# Instructions for a LGB cable car gondola?



## cape cod Todd (Jan 3, 2008)

Hello All
I just received a LGB #90012 dual cable car gondola set up. no box and no directions. Trying a google search didn't turn up much in the way of how to set this thing up. The previous owner said to use a heavy fishing line for the cable. 

If anyone can direct me to directions so I can get this thing running that would be great. 
Thank you.


----------



## toddalin (Jan 4, 2008)

I'm doing one now and will use 3/16" vinyl covered cable that is sold at OSH and comes in white and black vinyl. They also sell 1/8" uncoated cable, but that would scratch up my nice machined pullies. (I didn't get the original pullies and motor, just the baskets and "cable" for $5.) The original "cable" is a green, plastic coated, non-stretchy string of some type. I have spots where the green plastic has split and can see the white string underneath. 

I've set mine up the same way that one would make a train run point-to-point (reversing unit) using a 555 chip with adjustable duration as an oscillator. The same way that one would put the diode between the line and last section of track, I've arranged two diodes with momentary switches such that when a basket comes in to "roost," it disconnects the power from the motor until the current reverses and can flow through the other diode. The baskets then reverse and wait at the other ends of the line for the selected duration.


----------



## cape cod Todd (Jan 3, 2008)

Still no directions to be found on the internet. The more I read about operating these cars the more it seems like a fine line between Does it work right from LGB RIGI and do it yourself to make it better like it sounds you did Toddalin. 
The one I got has what looks to be a pressed wood base and top painted green. Most seem to be made out of plastic. Maybe mine is an old version? 
Gotta keep digging to get this running.


----------



## Gary Armitstead (Jan 2, 2008)

I have a LGB Rigi Duo that I purchased NEW from San-Val in early 1986. Battery operated. I have it tucked away in a bedroom closet. I'll dig it out today and see if it has instructions. If it does, I will scan it for you.


----------



## chuck n (Jan 2, 2008)

Check with Axel at Train-li. He is selling a current version (s). He has both powered and unpowered. I ordered the hand cranked for my grandson for Christmas. He loves it, and Axel was a great help. 

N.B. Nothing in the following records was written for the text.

lemma fbar_eq_iff: "s \<in> idx n \<Longrightarrow> p \<in> idx n \<Longrightarrow> fbar n f s = p \<longleftrightarrow> s = fbar_inv p"
  using fbar_bij[OF n_pos bounded] unfolding fbar_inv_def
  by (auto simp: bij_betw_def f_inv_into_f inv_into_f_f)

lemma fbar_fdown_eq_iff: "s \<in> idx n \<Longrightarrow> p \<in> idx n \<Longrightarrow> fbar n (fdown f) s = p \<longleftrightarrow> s = down_src p"
  using fbar_eq_iff[of "s - 1" p] fbar_eq_iff[of "int n" p] fbar_0[OF periodic] n_pos sigma_in[of p]
  unfolding fbar_fdown down_src_def by (cases "s = 1") auto

lemma crossing_graph_eq: "crossing_graph n f = cross_graph"
proof (intro set_eqI)
  fix e :: "int \<times> int"
  obtain p q where e: "e = (p, q)" by fastforce
  have "(p, q) \<in> crossing_graph n f \<longleftrightarrow> p \<in> idx n \<and> q \<in> idx n \<and> p \<noteq> q \<and>
     closed_segment (bplus n (fbar_inv p)) (bminus n p) \<inter> closed_segment (bplus n (fbar_inv q)) (bminus n q) \<noteq> {}"
    by (rule crossing_graph_iff_inverse) (simp_all only: sigma_in fbar_eq_iff)
  also have "\<dots> \<longleftrightarrow> (p, q) \<in> cross_graph"
    unfolding cross_graph_def using bplus_bminus_meet_iff_crosses by blast
  finally show "e \<in> crossing_graph n f \<longleftrightarrow> e \<in> cross_graph" unfolding e .
qed

lemma hook_graph_iff:
  "(p, q) \<in> hook_graph n f \<longleftrightarrow> p \<in> idx n \<and> q \<in> idx n \<and> p \<noteq> q \<and> interleave (fbar_inv p) p (fbar_inv q) q"
proof -
  have "(p, q) \<in> hook_graph n f \<longleftrightarrow> p \<in> idx n \<and> q \<in> idx n \<and> p \<noteq> q \<and>
     closed_segment (bpt n (fbar_inv p)) (bpt n p) \<inter> closed_segment (bpt n (fbar_inv q)) (bpt n q) \<noteq> {}"
    by (rule hook_graph_iff_inverse) (simp_all only: sigma_in fbar_eq_iff)
  then show ?thesis using bpt_meet_iff_interleave by blast
qed

lemma hook_graph_fdown_iff:
  "(p, q) \<in> hook_graph n (fdown f) \<longleftrightarrow>
     p \<in> idx n \<and> q \<in> idx n \<and> p \<noteq> q \<and> interleave (lift (down_src p)) (lift p) (lift (down_src q)) (lift q)"
proof -
  have "(p, q) \<in> hook_graph n (fdown f) \<longleftrightarrow> p \<in> idx n \<and> q \<in> idx n \<and> p \<noteq> q \<and>
     closed_segment (bpt n (down_src p)) (bpt n p) \<inter> closed_segment (bpt n (down_src q)) (bpt n q) \<noteq> {}"
    by (rule hook_graph_iff_inverse) (simp_all only: down_src_in fbar_fdown_eq_iff)
  then show ?thesis using bpt_down_meet_iff_interleave by blast
qed

lemma cross_graph_subset_hook_graph: "cross_graph \<subseteq> hook_graph n f"
  using crosses_imp_hook_interleave unfolding cross_graph_def by (auto simp: hook_graph_iff)

lemma hook_graph_subset:
  "hook_graph n f \<subseteq> {(a, b). a \<in> idx n \<and> b \<in> idx n \<and> a \<noteq> b \<and> (crosses a b \<or> hook_adj a b)}"
proof clarify
  fix a b assume "(a, b) \<in> hook_graph n f"
  with hook_interleave_imp_crosses_or_adj[of a b]
  show "a \<in> idx n \<and> b \<in> idx n \<and> a \<noteq> b \<and> (crosses a b \<or> hook_adj a b)"
    by (simp add: hook_graph_iff)
qed

lemma cross_graph_subset_hook_graph_fdown: "cross_graph \<subseteq> hook_graph n (fdown f)"
  using crosses_imp_down_interleave unfolding cross_graph_def by (auto simp: hook_graph_fdown_iff)

lemma hook_graph_fdown_subset:
  "hook_graph n (fdown f) \<subseteq> {(a, b). a \<in> idx n \<and> b \<in> idx n \<and> a \<noteq> b \<and> (crosses a b \<or> down_adj a b)}"
proof clarify
  fix a b assume "(a, b) \<in> hook_graph n (fdown f)"
  with down_interleave_imp_crosses_or_adj[of a b]
  show "a \<in> idx n \<and> b \<in> idx n \<and> a \<noteq> b \<and> (crosses a b \<or> down_adj a b)"
    by (simp add: hook_graph_fdown_iff)
qed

Axel (Train-Li) is a sponsor here at MLS. Find his logo and click on it for contact information.


Chuck 


He is located near you (probably a couple of hours drive), Upton, Ma.


----------



## Axel Tillmann (Jan 10, 2008)

Her are a few helpful hints and suggestions for further improvements:


Send me an email so I can send you the PDF for our gondola and most of the information applies to your Rigi as well. ([email protected])

Very important is the 45 degree setup as illustrated









Here some additional hintys:

As far as the length of the tramline. You can buy regular cord of the same thickness and untie first the two knots in one of the two gondolas an then pull the line completely out and replace it with a longer line.

However, with that said, unlike the prototype the gondola use only one rope as the pull and carrier solution. So the longer the rope the more sagging you have in the line. If you stretch it out you will now put more burden on the base station in term of rope friction and motor load, which can impact the longevity of the installation.

If you are looking for a permanent installation then I suggest an alternative:

Install into each arm 8 – 12 pulleys. Now you can mount yourself a solid base and mountain station (both should at least have concreted back walls that are sturdy enough to hold four music wires of the correct length. I suggest a threaded bolt per each wire on one end and 4 hooks on the other. This way the threaded bolt allows you to tensioning the carrier ropes. Now you can make yourself the appropriate pull rope and mount the gondolas on the carrier wire (maybe a little weight into the cabin).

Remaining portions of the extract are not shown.